Scottish courtier, later Bishop of Clogher

James Spottiswood (7 September 1567 – March, 1645) was a Scottish courtier and Protestant bishop of Clogher.

==Life==
Born at Calder in Scotland on 7 September 1567, he was the second son of John Spottiswood (1510–1585), the Presbyterian superintendent for the Lothians and the overstretched minister of Calder. His mother was Beatrix, daughter of Patrick Crichton, of Lugton and Gilmerton. His younger brother John Spottiswood, the historian, became the archbishop of St. Andrews and crowned Charles I. James was educated at home under a tutor, William Strange, and then spent time at Edinburgh grammar school and Linlithgow. In 1579, when just 12 years old, he entered Glasgow University, graduating M.A. in 1583. He spent the next two years in attendance on his father at Calder.

In 1588 Spottiswood entered the service of James VI of Scotland. In October 1589 he accompanied James as his gentleman-usher on his sea voyage to meet his bride Anne of Denmark, and on 27 December 1591 he raised the alarm which saved James from seizure by Francis Stewart, 5th Earl of Bothwell. In 1598 he was sent abroad as secretary to the ambassadors to the king of Denmark and the German princes, and on James's accession to the English throne in 1603 Spottiswood was left behind in Scotland in attendance on Queen Anne.

Early in James's reign in England, Spottiswood was sent with letters to Archbishop John Whitgift, who persuaded him to take orders the Church of England. On 24 November he was granted letters of naturalisation, and in December he was presented by the king to the rectory of Wells, Norfolk. For years Spottiswood avoided the court. In 1616 he accompanied Patrick Young on his visitation to reform the University of St. Andrews, and there he graduated D.D.

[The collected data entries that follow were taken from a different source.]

(* Let $G$ be a group. (i) If $H \leqslant M \leqslant G$, $M$ is exponential in $G$ and $H$ is exponential in $M$, then $H$ is exponential in $G$. (ii) If $H$ and $K$ are exponential subgroups of $G$, then $H \cap K$ is exponential in $G$.
   Context: A subgroup $H$ of finite index in a group $G$ is called exponential in $G$ if $x^{|G:H|} \in H$ for every $x \in G$. *)

theory Defs
  imports "HOL-Algebra.Algebra"
begin

definition exponential :: "('a, 'b) monoid_scheme \<Rightarrow> 'a set \<Rightarrow> bool" where
  "exponential G H \<longleftrightarrow>
     subgroup H G \<and> finite (rcosets\<^bsub>G\<^esub> H) \<and>
     (\<forall>x \<in> carrier G. x [^]\<^bsub>G\<^esub> card (rcosets\<^bsub>G\<^esub> H) \<in> H)"

end

theory Submission
  imports Defs
begin

text \<open>Right translation by \<open>a\<close> maps the right cosets of \<open>H\<close> in \<open>M\<close> bijectively onto the right
  cosets of \<open>H\<close> contained in \<open>M a\<close>, so the index is multiplicative: \<open>|G:H| = |G:M| |M:H|\<close>. Hence
  \<open>x\<^bsup>|G:H|\<^esup> = (x\<^bsup>|G:M|\<^esup>)\<^bsup>|M:H|\<^esup>\<close> lies in \<open>H\<close> as soon as \<open>x\<^bsup>|G:M|\<^esup> \<in> M\<close> and \<open>H\<close> is exponential in \<open>M\<close>.
  For intersections, \<open>(H \<inter> K) x = H x \<inter> K x\<close> shows that \<open>H \<inter> K\<close> has finite index, and by
  multiplicativity this index is a multiple of both \<open>|G:H|\<close> and \<open>|G:K|\<close>.\<close>

context group
begin

lemma subgroup_nat_pow_closed:
  assumes "subgroup H G" "h \<in> H"
  shows "h [^] (n::nat) \<in> H"
  using subgroup_int_pow_closed[OF assms, of "int n"] by (simp add: int_pow_int)

lemma rcosets_subgroup_carrier: "rcosets\<^bsub>G\<lparr>carrier := M\<rparr>\<^esub> H = (\<lambda>m. H #> m) ` M"
  by (auto simp: RCOSETS_def r_coset_def)

lemma rcosets_subgroup_subset:
  assumes "H \<subseteq> carrier G" "M \<subseteq> carrier G"
  shows "rcosets\<^bsub>G\<lparr>carrier := M\<rparr>\<^esub> H \<subseteq> rcosets H"
  using assms by (auto simp: rcosets_subgroup_carrier intro: rcosetsI)

lemma rcoset_Int:
  assumes "H \<subseteq> carrier G" "K \<subseteq> carrier G" "x \<in> carrier G"
  shows "(H \<inter> K) #> x = (H #> x) \<inter> (K #> x)"
proof -
  have "h = k" if "h \<in> H" "k \<in> K" "h \<otimes> x = k \<otimes> x" for h k
    using that assms right_cancel by blast
  then show ?thesis
    by (auto simp: r_coset_def)
qed

lemma finite_rcosets_Int:
  assumes "subgroup H G" "subgroup K G" "finite (rcosets H)" "finite (rcosets K)"
  shows "finite (rcosets (H \<inter> K))"
proof -
  have "rcosets (H \<inter> K) \<subseteq> (\<lambda>(A, B). A \<inter> B) ` ((rcosets H) \<times> (rcosets K))"
  proof
    fix Y assume "Y \<in> rcosets (H \<inter> K)"
    then obtain x where x: "x \<in> carrier G" "Y = (H \<inter> K) #> x"
      by (auto simp: RCOSETS_def)
    then have "Y = (\<lambda>(A, B). A \<inter> B) (H #> x, K #> x)"
      using assms(1,2) by (simp add: rcoset_Int subgroup.subset)
    moreover have "(H #> x, K #> x) \<in> (rcosets H) \<times> (rcosets K)"
      using x assms(1,2) by (simp add: rcosetsI subgroup.subset)
    ultimately show "Y \<in> (\<lambda>(A, B). A \<inter> B) ` ((rcosets H) \<times> (rcosets K))"
      by (rule image_eqI)
  qed
  then show ?thesis
    using assms(3,4) by (meson finite_SigmaI finite_imageI finite_subset)
qed

lemma bij_betw_rcosets_rcoset:
  assumes "H \<subseteq> M" "M \<subseteq> carrier G" "a \<in> carrier G"
  shows "bij_betw (\<lambda>Y. Y #> a) (rcosets\<^bsub>G\<lparr>carrier := M\<rparr>\<^esub> H) {H #> x | x. x \<in> M #> a}"
proof (rule bij_betw_imageI)
  have Hc: "H \<subseteq> carrier G"
    using assms(1,2) by blast
  have "Y #> a #> inv a = Y" if Y: "Y \<in> rcosets\<^bsub>G\<lparr>carrier := M\<rparr>\<^esub> H" for Y
  proof -
    obtain m where "m \<in> M" "Y = H #> m"
      using Y by (auto simp: rcosets_subgroup_carrier)
    then have "Y \<subseteq> carrier G"
      using assms(2) Hc r_coset_subset_G by blast
    then show ?thesis
      using assms(3) by (simp add: coset_mult_assoc)
  qed
  then show "inj_on (\<lambda>Y. Y #> a) (rcosets\<^bsub>G\<lparr>carrier := M\<rparr>\<^esub> H)"
    by (rule inj_on_inverseI)
  have shift: "H #> m #> a = H #> (m \<otimes> a)" if "m \<in> M" for m
    using that assms(2,3) coset_mult_assoc[OF Hc] by blast
  show "(\<lambda>Y. Y #> a) ` (rcosets\<^bsub>G\<lparr>carrier := M\<rparr>\<^esub> H) = {H #> x | x. x \<in> M #> a}"
  proof (intro equalityI subsetI)
    fix Z assume "Z \<in> (\<lambda>Y. Y #> a) ` (rcosets\<^bsub>G\<lparr>carrier := M\<rparr>\<^esub> H)"
    then obtain m where "m \<in> M" "Z = H #> (m \<otimes> a)"
      by (auto simp: rcosets_subgroup_carrier shift)
    then show "Z \<in> {H #> x | x. x \<in> M #> a}"
      using assms(2,3) rcosI by blast
  next
    fix Z assume "Z \<in> {H #> x | x. x \<in> M #> a}"
    then obtain m where "m \<in> M" "Z = H #> (m \<otimes> a)"
      by (auto simp: r_coset_def)
    then show "Z \<in> (\<lambda>Y. Y #> a) ` (rcosets\<^bsub>G\<lparr>carrier := M\<rparr>\<^esub> H)"
      unfolding rcosets_subgroup_carrier image_image using shift by blast
  qed
qed

lemma rcosets_eq_UN_rcosets:
  assumes "subgroup H G" "subgroup M G" "H \<subseteq> M"
  shows "rcosets H = (\<Union>C \<in> rcosets M. {H #> x | x. x \<in> C})"
proof (intro equalityI subsetI)
  fix Y assume "Y \<in> rcosets H"
  then obtain x where x: "x \<in> carrier G" and Y: "Y = H #> x"
    by (auto simp: RCOSETS_def)
  have "M #> x \<in> rcosets M"
    using x assms(2) by (simp add: rcosetsI subgroup.subset)
  moreover have "x \<in> M #> x"
    using x assms(2) by (rule rcos_self)
  ultimately show "Y \<in> (\<Union>C \<in> rcosets M. {H #> x | x. x \<in> C})"
    unfolding Y by blast
next
  fix Y assume "Y \<in> (\<Union>C \<in> rcosets M. {H #> x | x. x \<in> C})"
  then obtain C x where "C \<in> rcosets M" "x \<in> C" and Y: "Y = H #> x"
    by blast
  then have "x \<in> carrier G"
    using subgroup.rcosets_carrier[OF assms(2) is_group] by blast
  then show "Y \<in> rcosets H"
    unfolding Y using assms(1) by (simp add: rcosetsI subgroup.subset)
qed

lemma disjoint_family_on_rcosets_in_rcosets:
  assumes "subgroup H G" "subgroup M G" "H \<subseteq> M"
  shows "disjoint_family_on (\<lambda>C. {H #> x | x. x \<in> C}) (rcosets M)"
unfolding disjoint_family_on_def
proof (intro ballI impI)
  fix C C' assume C: "C \<in> rcosets M" and C': "C' \<in> rcosets M" and "C \<noteq> C'"
  then have disj: "C \<inter> C' = {}"
    using rcos_disjoint[OF assms(2)] by (auto simp: pairwise_def disjnt_def)
  show "{H #> x | x. x \<in> C} \<inter> {H #> x | x. x \<in> C'} = {}"
  proof (rule ccontr)
    assume "\<not> ?thesis"
    then obtain x y where xy: "x \<in> C" "y \<in> C'" "H #> x = H #> y"
      by blast
    have "x \<in> carrier G" "y \<in> carrier G"
      using xy C C' subgroup.rcosets_carrier[OF assms(2) is_group] by auto
    then have "x \<in> H #> y"
      using xy(3) assms(1) rcos_self by metis
    also have "H #> y \<subseteq> M #> y"
      using assms(3) by (auto simp: r_coset_def)
    also have "M #> y = C'"
      using C' xy(2) assms(2) by (auto simp: RCOSETS_def dest: repr_independence)
    finally show False
      using xy(1) disj by blast
  qed
qed

theorem rcosets_tower:
  assumes "subgroup H G" "subgroup M G" "H \<subseteq> M"
    and "finite (rcosets M)" "finite (rcosets\<^bsub>G\<lparr>carrier := M\<rparr>\<^esub> H)"
  shows "finite (rcosets H)"
    and "card (rcosets H) = card (rcosets M) * card (rcosets\<^bsub>G\<lparr>carrier := M\<rparr>\<^esub> H)"
proof -
  have block: "finite {H #> x | x. x \<in> C} \<and>
      card {H #> x | x. x \<in> C} = card (rcosets\<^bsub>G\<lparr>carrier := M\<rparr>\<^esub> H)"
    if "C \<in> rcosets M" for C
  proof -
    obtain a where a: "a \<in> carrier G" and C: "C = M #> a"
      using \<open>C \<in> rcosets M\<close> by (auto simp: RCOSETS_def)
    have "bij_betw (\<lambda>Y. Y #> a) (rcosets\<^bsub>G\<lparr>carrier := M\<rparr>\<^esub> H) {H #> x | x. x \<in> C}"
      unfolding C using bij_betw_rcosets_rcoset[OF assms(3) subgroup.subset[OF assms(2)] a] .
    with assms(5) show ?thesis
      by (simp add: bij_betw_finite bij_betw_same_card)
  qed
  show "finite (rcosets H)"
    unfolding rcosets_eq_UN_rcosets[OF assms(1-3)]
    using assms(4) block by (intro finite_UN_I) auto
  have "card (rcosets H) = (\<Sum>C \<in> rcosets M. card {H #> x | x. x \<in> C})"
    unfolding rcosets_eq_UN_rcosets[OF assms(1-3)]
    using block
    by (intro card_UN_disjoint'[OF disjoint_family_on_rcosets_in_rcosets[OF assms(1-3)] _ assms(4)])
      auto
  also have "\<dots> = (\<Sum>C \<in> rcosets M. card (rcosets\<^bsub>G\<lparr>carrier := M\<rparr>\<^esub> H))"
    using block by (intro sum.cong) auto
  finally show "card (rcosets H) = card (rcosets M) * card (rcosets\<^bsub>G\<lparr>carrier := M\<rparr>\<^esub> H)"
    by simp
qed

lemma card_rcosets_dvd:
  assumes "subgroup N G" "subgroup H G" "N \<subseteq> H" "finite (rcosets H)" "finite (rcosets N)"
  shows "card (rcosets H) dvd card (rcosets N)"
proof -
  have "finite (rcosets\<^bsub>G\<lparr>carrier := H\<rparr>\<^esub> N)"
    using assms(1,2,5) rcosets_subgroup_subset finite_subset subgroup.subset by metis
  then show ?thesis
    using rcosets_tower(2)[OF assms(1-4)] by simp
qed

lemma exponential_pow_dvd:
  assumes "exponential G H" "card (rcosets H) dvd n" "x \<in> carrier G"
  shows "x [^] n \<in> H"
proof -
  obtain k where "n = card (rcosets H) * k"
    using assms(2) by blast
  then have "x [^] n = (x [^] card (rcosets H)) [^] k"
    using assms(3) by (simp add: nat_pow_pow)
  then show ?thesis
    using assms(1,3) subgroup_nat_pow_closed by (simp add: exponential_def)
qed

lemma exponential_trans:
  assumes "exponential G M" "exponential (G\<lparr>carrier := M\<rparr>) H"
  shows "exponential G H"
proof -
  have M: "subgroup M G" and H': "subgroup H (G\<lparr>carrier := M\<rparr>)"
    using assms by (simp_all add: exponential_def)
  have H: "subgroup H G" and HM: "H \<subseteq> M"
    using incl_subgroup[OF M H'] subgroup.subset[OF H'] by simp_all
  have fin_M: "finite (rcosets M)" and fin_MH: "finite (rcosets\<^bsub>G\<lparr>carrier := M\<rparr>\<^esub> H)"
    using assms by (simp_all add: exponential_def)
  note tower = rcosets_tower[OF H M HM fin_M fin_MH]
  have "x [^] card (rcosets H) \<in> H" if x: "x \<in> carrier G" for x
  proof -
    have "x [^] card (rcosets M) \<in> M"
      using assms(1) x by (simp add: exponential_def)
    moreover have "x [^] card (rcosets H) =
        (x [^] card (rcosets M)) [^]\<^bsub>G\<lparr>carrier := M\<rparr>\<^esub> card (rcosets\<^bsub>G\<lparr>carrier := M\<rparr>\<^esub> H)"
      using x by (simp add: tower(2) nat_pow_pow flip: nat_pow_consistent)
    ultimately show ?thesis
      using assms(2) by (simp add: exponential_def)
  qed
  with H tower(1) show ?thesis
    by (simp add: exponential_def)
qed

lemma exponential_Int:
  assumes "exponential G H" "exponential G K"
  shows "exponential G (H \<inter> K)"
proof -
  have H: "subgroup H G" "finite (rcosets H)" and K: "subgroup K G" "finite (rcosets K)"
    using assms by (simp_all add: exponential_def)
  have HK: "subgroup (H \<inter> K) G"
    using subgroups_Inter_pair[OF H(1) K(1)] .
  have fin: "finite (rcosets (H \<inter> K))"
    using finite_rcosets_Int[OF H(1) K(1) H(2) K(2)] .
  have "x [^] card (rcosets (H \<inter> K)) \<in> H \<inter> K" if "x \<in> carrier G" for x
    using exponential_pow_dvd[OF assms(1) card_rcosets_dvd[OF HK H(1) _ H(2) fin] that]
      exponential_pow_dvd[OF assms(2) card_rcosets_dvd[OF HK K(1) _ K(2) fin] that]
    by blast
  with HK fin show ?thesis
    by (simp add: exponential_def)
qed

end

theorem lemma4p6:
  fixes G :: "('a, 'b) monoid_scheme"
  assumes "group G"
  shows "(\<forall>H M. H \<subseteq> M \<and> subgroup M G \<and> exponential G M \<and>
                  exponential (G\<lparr>carrier := M\<rparr>) H \<longrightarrow> exponential G H)
       \<and> (\<forall>H K. exponential G H \<and> exponential G K \<longrightarrow> exponential G (H \<inter> K))"
  using group.exponential_trans[OF assms] group.exponential_Int[OF assms] by blast

end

In 1620 Spottiswood went to London for a court case. While he was there, George Montgomery died, leaving two Irish sees vacant. Through the Marquess of Buckingham, Spottiswood was appointed bishop of one of them, Clogher, based south-west Ulster, much of it in County Fermanagh. He landed at Dublin in April 1621, but his patent was not dated until 22 October, and he was involved in a dispute with James Ussher.

In his diocese, Spottiswood was involved in a further dispute from 1625, over the schoolmaster at the royal school founded at Enniskillen. He was opposed by James Balfour, 1st Baron Balfour of Glenawley, and the matter came to blows, before the issue was settled in 1627. A complex legal case arose when one of Spottiswood's clergy stabbed fatally Lord Balfour's son-in-law Sir John Wemyss, the High Sheriff of Fermanagh in 1626. Spottiswood refused to sign Ussher's declaration against Catholicism in 1626. He retained royal favour, turning down the archbishopric of Cashel in 1629.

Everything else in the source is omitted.